Ali Kahramanlı was club president. Nurullah Sağlam who won the 2010–11 TFF First League championship has continued as head coach. 11 of the players were saved in the team and some known players from Beşiktaş, Bursaspor and Sivasspor were transferred in pre-season. Attacking midfielder André Moritz was the most appeared player with 33 apps. Márcio Nobre who known as Mert Nobre in Turkey was the top goalscorer with ten goals.

Pre-season
MİY team started to first preparation camp period in Isparta, Davraz on 27 June 2011. Preparation games:
 04.07.2011 - MİY-Metalurg (UKR): 1–1. Monday, 17:00. Isparta, Davraz. Goal: Andre Moritz.
 06.07.2011 - MİY-Inter Baku (AZE): 3–3. Wednesday. Isparta, Davraz, Sirena Hotel. Goals: Kamanan 55', Erman Özgür 90' and Moritz 65'.
 12.07.2011 - MİY-Terek (RUS): 1–1. Tuesday. Isparta, Davraz, Sirena Hotel. Goal: Moritz.

First camp period ended on 12 July 2011. Second camp period started in Austria, on 17 July 2011. Planned preparation games could not be played during Austria camp due to several reasons. One preparation game was played:
 19.07.2011 - MİY-Górnik Zabrze (POL): 1-1 . Tuesday, 18:00. Dilly Hotel, Windischgarsten, Austria. Goal: Erhan Güven 44'.

Second camp period ended on 30 July 2011. A third camp period is being planned because a delay in the 2011–12 Süper Lig is in the concern due to manipulation matters which TFF deals with. Preceding to the third camp, MİY attended in a tournament in Ankara, which Ankaragücü club organized and the revenue obtained from the audience was donated to people suffering from famine in Somalia. The games played in this tournament were:
 11.08.2011 - Gençlerbirliği-MİY: 1-3. Thursday, 19:00. Saray Spor Tesisleri, Ankara. Goals: Nduka 1', Kamanan 17', 32'.
 12.08.2011 - Sivasspor-MİY: 2-2. Friday, 21:00. Saray Spor Tesisleri, Ankara. Goals: Nobre 32', Kamanan 48'.
 14.08.2011 - MKE Ankaragücü-MİY: 4-0. Sunday, 21:00. classification game.

After TRT Cup played in Ankara, MİY remained in Ankaragücü sports complex. Three more preparation games were played before the start of the season:
 21.08.2011 - MİY-Kasımpaşa: 1-1. Sunday. Yenikent Asaş Stadium, Ankara. Goal: Joseph Boum.
 25.08.2011 - Gaziantepspor-MİY: 2-2. Thursday. Kamil Ocak Stadium, Gaziantep. Goals: Kamanan 17', Nduka 85'.
 27.08.2011 - Konyaspor-MİY: 2-1. Saturday, 21:00. Atatürk Stadium, Konya. Goals: Kamanan 49', İbrahim Kaş 69' (o.g.).

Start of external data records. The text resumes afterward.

(* Fix $m\in\mathbb{N}$, $\rho\in\mathbb{R}$, and $\alpha\in(0,e^{-\rho}(m\pi)^{-1/2})$. For each $n\ge1$ let \[K_n(x)=\frac{e^{n\rho}}{\binom{m-1+n/2}{m-1}}\,L_{m-1}^{n/2}\!\left(\frac1m\left|\frac x\alpha\right|^2\right)e^{-|x/\alpha|^2/m},\qquad x\in\mathbb{R}^n,\] and let $X_n$ be a random vector in $\mathbb{R}^n$ with probability density $K_n(x)^2/\|K_n\|_2^2$. Then the sequence $\{|X_n|/\sqrt n\}_n$ satisfies a large deviation principle (speed $n$) with rate function \[\Lambda^*(x)=\frac{2x^2}{\alpha^2m}-\frac12+\frac12\log\left(\frac{\alpha^2m}{4x^2}\right),\quad x>0.\]
   Context: $L_m^{\beta}(r)=\sum_{k=0}^m\binom{m+\beta}{m-k}\frac{(-r)^k}{k!}$ denotes the generalized Laguerre polynomial, with $\binom{a}{j}$ the generalized binomial coefficient for real $a$. $\log$ is the natural logarithm. A sequence $Y_n$ satisfies an LDP with rate function $I$ if for all Borel $A$, $-\inf_{A^\circ}I\le\liminf\frac1n\ln\mathbb{P}(Y_n\in A)\le\limsup\frac1n\ln\mathbb{P}(Y_n\in A)\le-\inf_{\bar A}I$. *)

theory Defs
  imports "HOL-Probability.Probability"
begin

definition laguerre :: "nat \<Rightarrow> real \<Rightarrow> real \<Rightarrow> real" where
  "laguerre m \<beta> r = (\<Sum>k=0..m. ((real m + \<beta>) gchoose (m - k)) * (- r) ^ k / fact k)"

text \<open>Squared Euclidean norm of a vector in R^n, represented as a function nat => real
  on the coordinates 0..n-1.\<close>
definition sqnorm :: "nat \<Rightarrow> (nat \<Rightarrow> real) \<Rightarrow> real" where
  "sqnorm n x = (\<Sum>i<n. (x i)^2)"

definition Rn :: "nat \<Rightarrow> (nat \<Rightarrow> real) measure" where
  "Rn n = PiM {..<n} (\<lambda>_. lborel)"

definition ln_ereal :: "real \<Rightarrow> ereal" where
  "ln_ereal p = (if p \<le> 0 then -\<infinity> else ereal (ln p))"

definition LDP :: "(nat \<Rightarrow> 'a measure) \<Rightarrow> (nat \<Rightarrow> 'a \<Rightarrow> real) \<Rightarrow> (real \<Rightarrow> ereal) \<Rightarrow> bool" where
  "LDP M Y I \<longleftrightarrow> (\<forall>A \<in> sets borel.
     let p = (\<lambda>n. ereal (1 / real n) * ln_ereal (measure (M n) {\<omega> \<in> space (M n). Y n \<omega> \<in> A}))
     in - (INF x\<in>interior A. I x) \<le> liminf p
        \<and> liminf p \<le> limsup p
        \<and> limsup p \<le> - (INF x\<in>closure A. I x))"

definition Kn :: "nat \<Rightarrow> real \<Rightarrow> real \<Rightarrow> nat \<Rightarrow> (nat \<Rightarrow> real) \<Rightarrow> real" where
  "Kn m \<rho> \<alpha> n x =
     exp (real n * \<rho>) / ((real m - 1 + real n / 2) gchoose (m - 1))
     * laguerre (m - 1) (real n / 2) (sqnorm n x / \<alpha>^2 / real m)
     * exp (- (sqnorm n x / \<alpha>^2) / real m)"

definition rate :: "nat \<Rightarrow> real \<Rightarrow> real \<Rightarrow> ereal" where
  "rate m \<alpha> x = (if x > 0 then
      ereal (2 * x^2 / (\<alpha>^2 * real m) - 1/2 + 1/2 * ln (\<alpha>^2 * real m / (4 * x^2)))
    else \<infinity>)"

end

theory Submission
  imports Defs "HOL-Computational_Algebra.Fundamental_Theorem_Algebra" "HOL-Real_Asymp.Real_Asymp"
begin

text \<open>Up to normalisation the density of \<open>X\<^sub>n\<close> is \<open>L(|x|\<^sup>2)\<^sup>2 exp(-c\<^sub>0 |x|\<^sup>2)\<close>, where
  \<open>c\<^sub>0 = 2/(\<alpha>\<^sup>2 m)\<close> and \<open>L\<close> is a Laguerre polynomial of fixed degree \<open>m - 1\<close>. The polynomial factor is
  invisible at exponential scale: from above it costs at most a polynomial in \<open>n\<close> times
  \<open>exp(\<epsilon>|x|\<^sup>2)\<close> for any \<open>\<epsilon> > 0\<close>, and from below, having only \<open>m - 1\<close> roots, it stays uniformly
  away from zero on one of any \<open>m\<close> well separated windows of values of \<open>|x|\<^sup>2/n\<close>. Hence the mass of
  \<open>{x. |x|\<^sup>2/n \<in> B}\<close> behaves like the corresponding Gaussian mass, which by Chernoff bounds is
  \<open>exp(n \<phi>(s) + o(n))\<close> for \<open>B\<close> a neighbourhood of \<open>s\<close>, with \<open>\<phi>(s) = log(2\<pi>s)/2 - c\<^sub>0 s + 1/2\<close>.
  Dividing by the total mass \<open>exp(n \<phi>(1/(2c\<^sub>0)) + o(n))\<close> and substituting \<open>s = x\<^sup>2\<close> gives
  \<open>\<Lambda>\<^sup>*\<close>.\<close>

subsection \<open>Gaussian integrals over \<open>\<real>\<^sup>n\<close>\<close>

lemma nn_integral_exp_neg_square:
  assumes a: "0 < a"
  shows "(\<integral>\<^sup>+x. ennreal (exp (- a * x\<^sup>2)) \<partial>lborel) = ennreal (sqrt (pi / a))"
proof -
  define \<sigma> where "\<sigma> = sqrt (1 / (2 * a))"
  have s: "0 < \<sigma>" using a by (simp add: \<sigma>_def)
  have s2: "\<sigma>\<^sup>2 = 1 / (2 * a)" using a by (simp add: \<sigma>_def)
  have eq: "\<And>x. normal_density 0 \<sigma> x = sqrt (a / pi) * exp (- a * x\<^sup>2)"
    unfolding normal_density_def s2 using a
    by (simp add: field_simps real_sqrt_divide)
  have "(\<integral>\<^sup>+x. ennreal (normal_density 0 \<sigma> x) \<partial>lborel) = ennreal 1"
    by (subst nn_integral_eq_integral) (auto simp: s)
  moreover have "(\<lambda>x. ennreal (sqrt (a / pi)) * ennreal (exp (- a * x\<^sup>2)))
      = (\<lambda>x. ennreal (normal_density 0 \<sigma> x))"
    using a by (intro ext, unfold eq, subst ennreal_mult) auto
  ultimately have "ennreal (sqrt (a / pi)) * (\<integral>\<^sup>+x. ennreal (exp (- a * x\<^sup>2)) \<partial>lborel) = 1"
    by (subst nn_integral_cmult[symmetric]) auto
  moreover have sc: "ennreal (sqrt (pi / a)) * ennreal (sqrt (a / pi)) = 1"
    using a by (subst ennreal_mult[symmetric]) (auto simp: real_sqrt_mult[symmetric])
  ultimately have "ennreal (sqrt (pi / a)) * (ennreal (sqrt (a / pi))
      * (\<integral>\<^sup>+x. ennreal (exp (- a * x\<^sup>2)) \<partial>lborel)) = ennreal (sqrt (pi / a))"
    by simp
  thus ?thesis by (simp add: mult.assoc[symmetric] sc)
qed

lemma measurable_sqnorm[measurable]: "sqnorm n \<in> borel_measurable (Rn n)"
  unfolding sqnorm_def Rn_def by measurable

lemma sqnorm_nonneg: "0 \<le> sqnorm n x"
  unfolding sqnorm_def by (simp add: sum_nonneg)

lemma nn_integral_exp_neg_sqnorm:
  assumes a: "0 < a" and c: "0 \<le> c"
  shows "(\<integral>\<^sup>+x. ennreal (c * exp (- a * sqnorm n x)) \<partial>Rn n) = ennreal (c * sqrt (pi / a) ^ n)"
proof -
  interpret product_sigma_finite "\<lambda>_. lborel :: real measure" by standard
  have "\<And>x. ennreal (exp (- a * sqnorm n x)) = (\<Prod>i\<in>{..<n}. ennreal (exp (- a * (x i)\<^sup>2)))"
    unfolding sqnorm_def
    by (simp add: sum_distrib_left exp_sum prod_ennreal[symmetric] sum_negf[symmetric])
  hence "\<And>x. ennreal (c * exp (- a * sqnorm n x))
      = ennreal c * (\<Prod>i\<in>{..<n}. ennreal (exp (- a * (x i)\<^sup>2)))"
    using c by (simp add: ennreal_mult)
  hence "(\<integral>\<^sup>+x. ennreal (c * exp (- a * sqnorm n x)) \<partial>Rn n)
       = ennreal c * (\<integral>\<^sup>+x. (\<Prod>i\<in>{..<n}. ennreal (exp (- a * (x i)\<^sup>2))) \<partial>Rn n)"
    by (simp add: nn_integral_cmult Rn_def)
  also have "(\<integral>\<^sup>+x. (\<Prod>i\<in>{..<n}. ennreal (exp (- a * (x i)\<^sup>2))) \<partial>Rn n)
      = (\<Prod>i\<in>{..<n}. \<integral>\<^sup>+y. ennreal (exp (- a * y\<^sup>2)) \<partial>lborel)"
    unfolding Rn_def
    using product_nn_integral_prod[of "{..<n}" "\<lambda>i y. ennreal (exp (- a * y\<^sup>2))"] by simp
  also have "\<dots> = ennreal (sqrt (pi / a) ^ n)"
    using nn_integral_exp_neg_square[OF a] ennreal_power[of "sqrt (pi / a)" n] a by simp
  finally show ?thesis using c by (simp add: ennreal_mult')
qed

subsection \<open>Polynomials away from their roots\<close>

lemma norm_prod_mset_complex: "norm (\<Prod>z\<in>#R. f z :: complex) = (\<Prod>z\<in>#R. norm (f z))"
  by (induction R) (auto simp: norm_mult)

lemma power_size_le_prod_mset:
  fixes f :: "'a \<Rightarrow> real"
  assumes "0 \<le> c" "\<And>z. z \<in># R \<Longrightarrow> c \<le> f z"
  shows "c ^ size R \<le> (\<Prod>z\<in>#R. f z)"
  using assms(2)
proof (induction R)
  case (add x R)
  hence "c ^ size R \<le> (\<Prod>z\<in>#R. f z)" "c \<le> f x" by auto
  thus ?case using assms(1) by (simp add: mult_mono)
qed simp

2011–12 Süper Lig participation
Mersin İdmanyurdu participated in 2011–12 Süper Lig. The league was played as "Spor-Toto Süper Lig" in that season due to sponsorship reasons. 18 teams attended. A play-off system introduced for the first time in league history. Top four teams play two-leg league system play-offs. The winners and runners-up of the play-off were qualify for 2012–13 UEFA Champions League (ECL). The team who finished the league at first place qualifies for ECL even if they could not finish the play-offs at top two places. The third team qualifies for 2012–13 UEFA Europa League (UEL). Second team who qualifies for UEL is determined by another play-off which is played by the teams who finished the normal season at 5th through 8th places. Bottom three teams relegate to 2012–13 TFF Second League. The start date of the league is 10 September 2011 and end date of normal season is 8 April 2012.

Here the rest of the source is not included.